Some people, sweet and attractive, and strong and healthy,
Happen to die young.
They are masters in disguise, teaching us about impermanence.
I was six when my beloved Aunt Ruth died. We were very close but no one ever told me she had brain cancer, they never told me she was dying and when I wanted to go to the funeral, my parents wouldn’t let me. “You’re too young,” they said. I sadly watched them leave the house without me.
Here in the West, we are taught that focusing on death is asking for trouble and it’s taboo to discuss it with children. Eastern philosophy, on the other hand, believes in teaching children about impermanence as soon as they’re old enough to grasp the meaning of life and death so they can learn the true nature of the human experience.

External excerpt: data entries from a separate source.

lemma Hkp1_Lipschitz_on_bounded_sets:
  fixes g :: "(nat \<Rightarrow> 'a::euclidean_space) \<Rightarrow> (nat \<Rightarrow> 'b::euclidean_space) \<Rightarrow> real"
  assumes D: "D \<in> sets lebesgue" and p: "1 \<le> p" and H1: "Hkp1 D k p g"
  obtains K :: "real \<Rightarrow> real" where
    "\<And>R u v. in_Lp D p u \<Longrightarrow> in_Lp D p v \<Longrightarrow>
      (\<integral>t. norm (u t) powr p \<partial>lebesgue_on D) \<le> R \<Longrightarrow> (\<integral>t. norm (v t) powr p \<partial>lebesgue_on D) \<le> R \<Longrightarrow>
      \<bar>Lg D k g u - Lg D k g v\<bar> \<le> K R * Lp_norm D p (\<lambda>x. u x - v x)"
proof -
  obtain h :: "(nat \<Rightarrow> 'a) \<Rightarrow> (nat \<Rightarrow> 'b) \<Rightarrow> real" where h: "Hkp D (k - 1) p h" and h_nonneg: "\<And>x \<xi>. 0 \<le> h x \<xi>"
    and diag: "\<And>x u v. x \<in> PiE {..<k} (\<lambda>_. D) \<Longrightarrow>
       \<bar>g x (\<lambda>i\<in>{..<k}. u (x i)) - g x (\<lambda>i\<in>{..<k}. v (x i))\<bar>
       \<le> (\<Sum>i<k. norm (u (x i) - v (x i)) * max (norm (u (x i))) (norm (v (x i))) powr (p - 1)
            * h (subvec x ({..<k} - {i})) (\<lambda>j\<in>{..<k - 1}. v (subvec x ({..<k} - {i}) j)))"
    by (rule Hkp1_diagonal_bound[OF H1]) (rule that)
  obtain C where C_nonneg: "\<And>R. 0 \<le> C R" and C: "\<And>(v :: 'a \<Rightarrow> 'b) R. in_Lp D p v \<Longrightarrow>
      (\<integral>t. norm (v t) powr p \<partial>lebesgue_on D) \<le> R \<Longrightarrow>
      \<exists>G \<in> borel_measurable (lebesgue_PiM D (k - 1)).
        (\<forall>y \<in> PiE {..<k - 1} (\<lambda>_. D). ennreal \<bar>h y (\<lambda>j\<in>{..<k - 1}. v (y j))\<bar> \<le> G y) \<and>
        (\<integral>\<^sup>+y. G y \<partial>lebesgue_PiM D (k - 1)) \<le> ennreal (C R)"
    by (rule Hkp_comp_majorant[OF D h]) (rule that)
  show ?thesis
  proof (rule that[of "\<lambda>R. real k * (2 * R) powr ((p - 1)/p) * C R"])
    fix R and u v :: "'a \<Rightarrow> 'b"
    assume u: "in_Lp D p u" and v: "in_Lp D p v"
      and Ju: "(\<integral>t. norm (u t) powr p \<partial>lebesgue_on D) \<le> R"
      and Jv: "(\<integral>t. norm (v t) powr p \<partial>lebesgue_on D) \<le> R"
    obtain G where G: "G \<in> borel_measurable (lebesgue_PiM D (k - 1))"
      and G_ge: "\<forall>y \<in> PiE {..<k - 1} (\<lambda>_. D). ennreal \<bar>h y (\<lambda>j\<in>{..<k - 1}. v (y j))\<bar> \<le> G y"
      and G_int: "(\<integral>\<^sup>+y. G y \<partial>lebesgue_PiM D (k - 1)) \<le> ennreal (C R)"
      using C[OF v Jv] by blast
    define L where "L = Lp_norm D p (\<lambda>x. u x - v x)"
    define M where "M = (2 * R) powr ((p - 1)/p)"
    have L: "0 \<le> L"
      by (simp add: L_def Lp_norm_def)
    have "ennreal \<bar>Lg D k g u - Lg D k g v\<bar>
        \<le> (\<integral>\<^sup>+x. ennreal \<bar>g x (\<lambda>i\<in>{..<k}. u (x i)) - g x (\<lambda>i\<in>{..<k}. v (x i))\<bar> \<partial>lebesgue_PiM D k)"
      using H1 by (intro abs_Lg_diff_le_nn_integral[OF D _ u v]) (simp add: Hkp1_def)
    also have "\<dots> \<le> of_nat k * ((\<integral>\<^sup>+t. ennreal (norm (u t - v t) * max (norm (u t)) (norm (v t)) powr (p - 1)) \<partial>lebesgue_on D)
        * (\<integral>\<^sup>+y. G y \<partial>lebesgue_PiM D (k - 1)))"
      by (rule nn_integral_diagonal_bound_le[where g = g and h = h and u = u and v = v and G = G])
         (use D u v h_nonneg diag G G_ge in \<open>auto simp: in_Lp_def\<close>)
    also have "\<dots> \<le> of_nat k * (ennreal (L * M) * ennreal (C R))"
      using nn_integral_diff_max_powr_le[OF p u v Ju Jv] G_int
      by (intro mult_left_mono mult_mono) (auto simp: L_def M_def)
    also have "\<dots> = ennreal (real k * M * C R * L)"
      using L C_nonneg by (simp add: M_def ennreal_mult' ennreal_of_nat_eq_real_of_nat mult_ac)
    finally show "\<bar>Lg D k g u - Lg D k g v\<bar> \<le> real k * (2 * R) powr ((p - 1)/p) * C R * Lp_norm D p (\<lambda>x. u x - v x)"
      using L C_nonneg by (simp add: M_def L_def ennreal_le_iff)
  qed
qed
(* Let $h:(0,\infty)\to\mathbb{R}$ be a differentiable, monotonically increasing (non-decreasing) function satisfying $h(1/t)\ge \frac{1}{t}\,h'(1/t)$ for all $t>0$, where $h'$ denotes the derivative of $h$. Define $g(t)=\min\{h(t),\,t\,h(1/t)\}$ for $t>0$. Then $g$ is monotonically increasing on $(0,\infty)$, i.e. $g(t_1)\ge g(t_2)$ whenever $t_1\ge t_2>0$.
   Context: Here $h$ plays the role of a parametrized function $h_{\boldsymbol{\theta}}$ (for a fixed parameter $\boldsymbol{\theta}$) and $g$ that of $g_{\boldsymbol{\theta}}$. *)

theory Defs
  imports "HOL-Analysis.Analysis"
begin

end

theory Submission
  imports Defs
begin

(* The map t \<mapsto> t h(1/t) has derivative h(1/t) - h'(1/t)/t, which the hypothesis makes
   nonnegative, so it is non-decreasing like h; a minimum of two non-decreasing functions is
   non-decreasing. *)

lemma has_real_derivative_times_inverse_comp:
  fixes h :: "real \<Rightarrow> real"
  assumes deriv: "(h has_real_derivative D) (at (1 / x))" and x: "x \<noteq> 0"
  shows "((\<lambda>t. t * h (1 / t)) has_real_derivative h (1 / x) - (1 / x) * D) (at x)"
proof -
  have inverse: "((\<lambda>t. 1 / t) has_real_derivative - 1 / x\<^sup>2) (at x)"
    using x by (auto intro!: derivative_eq_intros simp: power2_eq_square)
  have "((\<lambda>t. t * h (1 / t)) has_real_derivative 1 * h (1 / x) + D * (- 1 / x\<^sup>2) * x) (at x)"
    by (rule DERIV_mult[OF DERIV_ident DERIV_chain2[OF deriv inverse]])
  also have "1 * h (1 / x) + D * (- 1 / x\<^sup>2) * x = h (1 / x) - (1 / x) * D"
    using x by (simp add: power2_eq_square field_simps)
  finally show ?thesis .
qed

lemma mono_on_times_inverse_comp:
  fixes h h' :: "real \<Rightarrow> real"
  assumes deriv: "\<And>t. t > 0 \<Longrightarrow> (h has_real_derivative h' t) (at t)"
    and cond: "\<And>t. t > 0 \<Longrightarrow> (1 / t) * h' (1 / t) \<le> h (1 / t)"
  shows "mono_on {0<..} (\<lambda>t. t * h (1 / t))"
proof (rule mono_onI)
  fix s t :: real
  assume s: "s \<in> {0<..}" and "s \<le> t"
  from \<open>s \<le> t\<close> show "s * h (1 / s) \<le> t * h (1 / t)"
  proof (rule DERIV_nonneg_imp_nondecreasing)
    fix x assume "s \<le> x"
    with s have x: "x > 0" by simp
    have "((\<lambda>t. t * h (1 / t)) has_real_derivative h (1 / x) - (1 / x) * h' (1 / x)) (at x)"
      using x by (intro has_real_derivative_times_inverse_comp deriv) simp_all
    moreover have "0 \<le> h (1 / x) - (1 / x) * h' (1 / x)"
      using cond[OF x] by simp
    ultimately show "\<exists>y. ((\<lambda>t. t * h (1 / t)) has_real_derivative y) (at x) \<and> 0 \<le> y"
      by blast
  qed
qed

lemma mono_on_min:
  fixes f g :: "'a :: order \<Rightarrow> 'b :: linorder"
  assumes "mono_on A f" and "mono_on A g"
  shows "mono_on A (\<lambda>x. min (f x) (g x))"
  using assms by (auto intro!: mono_onI min.mono dest: mono_onD)

theorem theorem3:
  fixes h h' :: "real \<Rightarrow> real"
  assumes deriv: "\<And>t. t > 0 \<Longrightarrow> (h has_real_derivative h' t) (at t)"
    and mono: "mono_on {0<..} h"
    and cond: "\<And>t. t > 0 \<Longrightarrow> h (1 / t) \<ge> (1 / t) * h' (1 / t)"
  shows "\<And>t1 t2. t2 > 0 \<Longrightarrow> t1 \<ge> t2 \<Longrightarrow>
           min (h t1) (t1 * h (1 / t1)) \<ge> min (h t2) (t2 * h (1 / t2))"
  using mono_on_min[OF mono mono_on_times_inverse_comp[OF deriv cond]]
  by (simp add: mono_on_def)

end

Nowhere is the transitory nature of life more strikingly demonstrated than in the Tibetan Buddhist tradition of colored sand painting, Dul-Tson-kyil-Khor. A group of monks sit in a circle around an empty platform and they construct a mystical map, a mandala, the representation of a perfect universe. Then they lean over, put their shaved heads together and start blowing millions of grains of colored sand through a funnel shaped instrument. For more than a week, streams of sand flow like liquid and a beautiful design begins to take shape.
I had the good fortune to witness this one day in Los Angeles and I was mesmerized by the scratching sound as they blew and the magnificence of the developing art piece. But the real spectacle occurred when they were finished. After they chanted and prayed, the most senior monk placed his index finger on one side of the sacred masterpiece, pressed downward and swept it through the center of the painting. The rest of the monks joined in, using pieces of cardboard and foam rubber to sweep the sand into a pile that they would deposit into the ocean. All that was left was the original bare platform and a basketful of sand, a stunning demonstration of the impermanence of everything.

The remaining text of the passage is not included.